_Collected data entries_
******

(* For any strictly feasible starting point $z^0\in F$ and any $\mu>0$, $\varepsilon>0$, Algorithm IP-FB$(z^0,\mu,\varepsilon)$ (described in the context) terminates after finitely many iterations and returns a point $z^\star$ that is $\varepsilon$-stationary for $q_\mu$, i.e. $\operatorname{dist}(0,\hat\partial q_\mu(z^\star))\leq\varepsilon$, and satisfies $q_\mu(z^\star)\leq q_\mu(z^0)$.
   Context: Setting: $f:\mathbb{R}^n\to\mathbb{R}$ has locally Lipschitz continuous gradient; $g:\mathbb{R}^n\to\mathbb{R}\cup\{\infty\}$ is proper, lower semicontinuous, prox-bounded ($g+\frac{1}{2\gamma}\|\cdot\|^2$ bounded below for some $\gamma>0$; $\gamma_g\in(0,\infty]$ denotes the supremum of such $\gamma$), and continuous relative to $\operatorname{dom} g$ (whenever $\operatorname{dom} g\ni x^k\to x$, $g(x^k)\to g(x)$); $c:\mathbb{R}^n\to\mathbb{R}^m$ has locally Lipschitz continuous Jacobian. $q=f+g$, $\inf\{q(x): c(x)\le0\}\in\mathbb{R}$, $D=\{x: c(x)<0\}$, $F=\operatorname{dom} q\cap D\neq\emptyset$. The barrier $b:\mathbb{R}\to[0,\infty]$ has $\operatorname{dom} b=(-\infty,0)$, is twice continuously differentiable with $b'>0$ there, and $b(t)\to\infty$ as $t\to0^-$. For $\mu>0$: $f_\mu(z)=f(z)+\mu\sum_{i=1}^m b(c_i(z))$ ($=\infty$ outside $D$), $q_\mu=f_\mu+g$. $\hat\partial$ denotes the regular (Fréchet) subdifferential. $\operatorname{prox}_{\gamma g}(x)=\operatorname{argmin}_w\{g(w)+\frac{1}{2\gamma}\|w-x\|^2\}$, and $T_{\mu,\gamma}(z)=\operatorname{prox}_{\gamma g}(z-\gamma\nabla f_\mu(z))$ for $z\in D$. Algorithm IP-FB$(z^0,\mu,\varepsilon)$: inputs $z^0\in F$, $\mu>0$, $\varepsilon>0$; parameters $\gamma_0\in(0,\gamma_g)$, $\alpha,\beta\in(0,1)$. Set $j=0$ and start at step 2. Step 1 (only for $j\geq1$): set $\gamma_j\gets\gamma_{j-1}$ and $z^j\gets\bar z^{j-1}$. Step 2: compute some $\bar z^j\in T_{\mu,\gamma_j}(z^j)$. Step 3: if not all of the following hold: (a) $c(\bar z^j)<0$, (b) $q_\mu(\bar z^j)\leq q_\mu(z^j)-\frac{1-\alpha}{2\gamma_j}\|\bar z^j-z^j\|^2$, (c) $\|\nabla f_\mu(\bar z^j)-\nabla f_\mu(z^j)\|\leq\frac{\alpha}{\gamma_j}\|\bar z^j-z^j\|$, then set $\gamma_j\gets\beta\gamma_j$ and go back to Step 2. Step 4: if $\|\frac{1}{\gamma_j}(z^j-\bar z^j)-\nabla f_\mu(z^j)+\nabla f_\mu(\bar z^j)\|\leq\varepsilon$, return $\bar z^j$. Step 5: set $j\gets j+1$ and go to Step 1. *)

theory Defs
  imports "HOL-Analysis.Analysis"
begin

definition locally_lipschitz :: "('a::metric_space \<Rightarrow> 'b::metric_space) \<Rightarrow> bool" where
  "locally_lipschitz F \<longleftrightarrow> (\<forall>x. \<exists>e>0. \<exists>L. L-lipschitz_on (ball x e) F)"

definition lsc :: "('a::metric_space \<Rightarrow> ereal) \<Rightarrow> bool" where
  "lsc g \<longleftrightarrow> (\<forall>x xs. xs \<longlonglongrightarrow> x \<longrightarrow> g x \<le> liminf (\<lambda>k. g (xs k)))"

definition edom :: "('a \<Rightarrow> ereal) \<Rightarrow> 'a set" where
  "edom g = {x. g x < \<infinity>}"

definition cont_rel_dom :: "('a::metric_space \<Rightarrow> ereal) \<Rightarrow> bool" where
  "cont_rel_dom g \<longleftrightarrow> (\<forall>x xs. (\<forall>k. xs k \<in> edom g) \<and> xs \<longlonglongrightarrow> x \<longrightarrow> (\<lambda>k. g (xs k)) \<longlonglongrightarrow> g x)"

definition prox_bdd_set :: "('a::real_normed_vector \<Rightarrow> ereal) \<Rightarrow> real set" where
  "prox_bdd_set g = {\<gamma>. \<gamma> > 0 \<and> (\<exists>B::real. \<forall>x. ereal B \<le> g x + ereal (norm x ^ 2 / (2 * \<gamma>)))}"

definition prox_bounded :: "('a::real_normed_vector \<Rightarrow> ereal) \<Rightarrow> bool" where
  "prox_bounded g \<longleftrightarrow> prox_bdd_set g \<noteq> {}"

definition gamma_g :: "('a::real_normed_vector \<Rightarrow> ereal) \<Rightarrow> ereal" where
  "gamma_g g = Sup (ereal ` prox_bdd_set g)"

definition prox :: "('a::real_normed_vector \<Rightarrow> ereal) \<Rightarrow> real \<Rightarrow> 'a \<Rightarrow> 'a set" where
  "prox g \<gamma> x = {w. \<forall>u. g w + ereal (norm (w - x) ^ 2 / (2 * \<gamma>)) \<le> g u + ereal (norm (u - x) ^ 2 / (2 * \<gamma>))}"

text \<open>Regular (Frechet) subdifferential:
  v is in it iff h z is finite and liminf_{w \<rightarrow> z, w \<noteq> z} (h w - h z - <v, w - z>) / |w - z| \<ge> 0,
  written out in epsilon-delta form.\<close>
definition frechet_subdiff :: "('a::real_inner \<Rightarrow> ereal) \<Rightarrow> 'a \<Rightarrow> 'a set" where
  "frechet_subdiff h z = {v. \<bar>h z\<bar> \<noteq> \<infinity> \<and>
     (\<forall>e>0. \<exists>\<delta>>0. \<forall>w. norm (w - z) < \<delta> \<longrightarrow>
        h z + ereal (inner v (w - z) - e * norm (w - z)) \<le> h w)}"

definition fmu :: "('a \<Rightarrow> real) \<Rightarrow> (nat \<Rightarrow> 'a \<Rightarrow> real) \<Rightarrow> nat \<Rightarrow> (real \<Rightarrow> real) \<Rightarrow> real \<Rightarrow> 'a \<Rightarrow> ereal" where
  "fmu f c m b \<mu> z = (if \<forall>i<m. c i z < 0 then ereal (f z + \<mu> * (\<Sum>i<m. b (c i z))) else \<infinity>)"

text \<open>Gradient of f_mu on D (chain rule), given gradients df of f, dc i of c i, and db = b'.\<close>
definition grad_fmu :: "('a \<Rightarrow> 'a::real_vector) \<Rightarrow> (nat \<Rightarrow> 'a \<Rightarrow> real) \<Rightarrow> (nat \<Rightarrow> 'a \<Rightarrow> 'a) \<Rightarrow> nat \<Rightarrow> (real \<Rightarrow> real) \<Rightarrow> real \<Rightarrow> 'a \<Rightarrow> 'a" where
  "grad_fmu df c dc m db \<mu> z = df z + \<mu> *\<^sub>R (\<Sum>i<m. db (c i z) *\<^sub>R dc i z)"

definition qmu :: "('a \<Rightarrow> real) \<Rightarrow> ('a \<Rightarrow> ereal) \<Rightarrow> (nat \<Rightarrow> 'a \<Rightarrow> real) \<Rightarrow> nat \<Rightarrow> (real \<Rightarrow> real) \<Rightarrow> real \<Rightarrow> 'a \<Rightarrow> ereal" where
  "qmu f g c m b \<mu> z = fmu f c m b \<mu> z + g z"

definition Tmu :: "('a \<Rightarrow> 'a::real_normed_vector) \<Rightarrow> ('a \<Rightarrow> ereal) \<Rightarrow> (nat \<Rightarrow> 'a \<Rightarrow> real) \<Rightarrow> (nat \<Rightarrow> 'a \<Rightarrow> 'a) \<Rightarrow> nat \<Rightarrow> (real \<Rightarrow> real) \<Rightarrow> real \<Rightarrow> real \<Rightarrow> 'a \<Rightarrow> 'a set" where
  "Tmu df g c dc m db \<mu> \<gamma> z = prox g \<gamma> (z - \<gamma> *\<^sub>R grad_fmu df c dc m db \<mu> z)"
abbreviation "XG \<equiv> gr_arr G"
abbreviation "XH \<equiv> gr_arr H"
abbreviation "XT \<equiv> gr_arr T"
abbreviation "OG \<equiv> gr_obj G"
abbreviation "XTG \<equiv> gr_arr TG"

lemma topspace_XTG[simp]: "topspace XTG = TGs"
  using garr_TG by (simp add: garr_def)

lemma tsG[simp]: "topspace XG = G.arr" and tsH[simp]: "topspace XH = H.arr" and tsT[simp]: "topspace XT = T.arr"
  and tsO[simp]: "topspace OG = G.obj"
  by (simp_all add: garr_def gobj_def)

lemma comp_TG: "composable TG = {((t,g),(t',g')). (t,g) \<in> TGs \<and> (t',g') \<in> TGs \<and> G.sr g = G.rg g'}"
  by (auto simp: composable_def simp del: mem_TGs)

lemma cont_p: "continuous_map XG XH p" using ext unfolding groupoid_extension_def by simp
lemma open_p: "open_map XG XH p" using ext unfolding groupoid_extension_def by simp

lemma TGs_closed: "closedin (prod_topology XT XG) TGs"
proof -
  have "closedin (prod_topology XT XG) {z \<in> topspace (prod_topology XT XG). T.rg (fst z) = G.rg (snd z)}"
    by (rule closedin_continuous_maps_eq[OF lc_obj_Hausdorff[OF G_lc]])
      (auto intro: continuous_map_comp[OF continuous_map_fst lc_rng_cont[OF T_lc, unfolded units]] continuous_map_comp[OF continuous_map_snd lc_rng_cont[OF G_lc]])
  moreover have "{z \<in> topspace (prod_topology XT XG). T.rg (fst z) = G.rg (snd z)} = TGs"
    by (auto simp: TG_set_def)
  ultimately show ?thesis by simp
qed

lemma XTG_lc: "locally_compact_space XTG"
  unfolding TG_simps
  by (rule locally_compact_space_closed_subset[OF _ TGs_closed])
     (simp add: locally_compact_space_prod_topology lc_arr_locally_compact[OF G_lc] lc_arr_locally_compact[OF T_lc])

lemma XTG_haus: "Hausdorff_space XTG"
  unfolding TG_simps
  by (rule Hausdorff_space_subtopology) (simp add: Hausdorff_space_prod_topology lc_arr_Hausdorff[OF G_lc] lc_arr_Hausdorff[OF T_lc])

lemma cont_fstTG: "continuous_map XTG XT fst" unfolding TG_simps by (rule continuous_map_fst_sub)
lemma cont_sndTG: "continuous_map XTG XG snd" unfolding TG_simps by (rule continuous_map_snd_sub)

lemma cont_into_TG:
  assumes "continuous_map Z XT f1" "continuous_map Z XG f2" "\<And>z. z \<in> topspace Z \<Longrightarrow> (f1 z, f2 z) \<in> TGs"
  shows "continuous_map Z XTG (\<lambda>z. (f1 z, f2 z))"
  unfolding TG_simps using assms
  by (auto simp: continuous_map_in_subtopology continuous_map_paired simp del: mem_TGs)

lemma cont_act:
  assumes "continuous_map Z XG f1" "continuous_map Z XT f2" "\<And>z. z \<in> topspace Z \<Longrightarrow> G.sr (f1 z) = T.rg (f2 z)"
  shows "continuous_map Z XT (\<lambda>z. a (p (f1 z)) (f2 z))"
proof -
  have "\<And>z. z \<in> topspace Z \<Longrightarrow> f1 z \<in> G.arr \<and> f2 z \<in> T.arr"
    using continuous_map_in[OF assms(1)] continuous_map_in[OF assms(2)] by simp
  then show ?thesis
    by (intro continuous_map_apply2[OF a_cont continuous_map_comp[OF assms(1) cont_p] assms(2)]) (use assms(3) in auto)
qed

lemma cont_mulT:
  assumes "continuous_map Z XT f1" "continuous_map Z XT f2" "\<And>z. z \<in> topspace Z \<Longrightarrow> T.rg (f1 z) = T.rg (f2 z)"
  shows "continuous_map Z XT (\<lambda>z. T.m (f1 z) (f2 z))"
  by (rule continuous_map_gr_mul[OF lc_topological[OF T_lc] assms(1,2)])
     (use assms(3) continuous_map_in[OF assms(1)] in simp)

lemmas cont_mulG = continuous_map_gr_mul[OF lc_topological[OF G_lc]]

******

_WHAT TO DO_
Within the entries above, find every line where the string "using" occurs, and copy it.

_SOLUTION TO THIS PROBLEM_
  using garr_TG by (simp add: garr_def)
lemma cont_p: "continuous_map XG XH p" using ext unfolding groupoid_extension_def by simp
lemma open_p: "open_map XG XH p" using ext unfolding groupoid_extension_def by simp
  unfolding TG_simps using assms
    using continuous_map_in[OF assms(1)] continuous_map_in[OF assms(2)] by simp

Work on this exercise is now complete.